Spatial Regression and Gaussian Process BART

Description

Spatial regression is one of the central topics in spatial statistics. Based on the goals, interpretation or prediction, spatial regression models can be classified into two categories, linear mixed regression

Spatial regression is one of the central topics in spatial statistics. Based on the goals, interpretation or prediction, spatial regression models can be classified into two categories, linear mixed regression models and nonlinear regression models. This dissertation explored these models and their real world applications. New methods and models were proposed to overcome the challenges in practice. There are three major parts in the dissertation.

In the first part, nonlinear regression models were embedded into a multistage workflow to predict the spatial abundance of reef fish species in the Gulf of Mexico. There were two challenges, zero-inflated data and out of sample prediction. The methods and models in the workflow could effectively handle the zero-inflated sampling data without strong assumptions. Three strategies were proposed to solve the out of sample prediction problem. The results and discussions showed that the nonlinear prediction had the advantages of high accuracy, low bias and well-performed in multi-resolution.

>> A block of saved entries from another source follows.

lemma blaschke_kernel_bounds:
  assumes b: "cmod b > 1" and z: "cmod z \<le> 1"
  shows "0 < blaschke_kernel b z" "blaschke_kernel b z \<le> (cmod b + 1) / (cmod b - 1)"
proof -
  have d: "cmod (z - b) \<ge> cmod b - 1"
    using z norm_triangle_ineq2[of b z] by (simp add: norm_minus_commute)
  have b2: "cmod b ^ 2 > 1"
    using b by (simp add: one_less_power)
  have zb: "cmod (z - b) > 0"
    using d b by linarith
  show "0 < blaschke_kernel b z"
    unfolding blaschke_kernel_def using b2 d b by (intro divide_pos_pos) auto
  have "(cmod b - 1)^2 \<le> cmod (z - b)^2"
    using d b by (intro power_mono) auto
  then have "blaschke_kernel b z \<le> (cmod b ^ 2 - 1) / (cmod b - 1)^2"
    unfolding blaschke_kernel_def using b2 b zb by (intro divide_left_mono) auto
  also have "\<dots> = ((cmod b + 1) * (cmod b - 1)) / ((cmod b - 1) * (cmod b - 1))"
    by (simp add: algebra_simps power2_eq_square)
  also have "\<dots> = (cmod b + 1) / (cmod b - 1)"
    using b by simp
  finally show "blaschke_kernel b z \<le> (cmod b + 1) / (cmod b - 1)" .
qed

In the second part, a two-stage spatial regression model was proposed for analyzing soil carbon stock (SOC) data. In the first stage, there was a spatial linear mixed model that captured the linear and stationary effects. In the second stage, a generalized additive model was used to explain the nonlinear and nonstationary effects. The results illustrated that the two-stage model had good interpretability in understanding the effect of covariates, meanwhile, it kept high prediction accuracy which is competitive to the popular machine learning models, like, random forest, xgboost and support vector machine.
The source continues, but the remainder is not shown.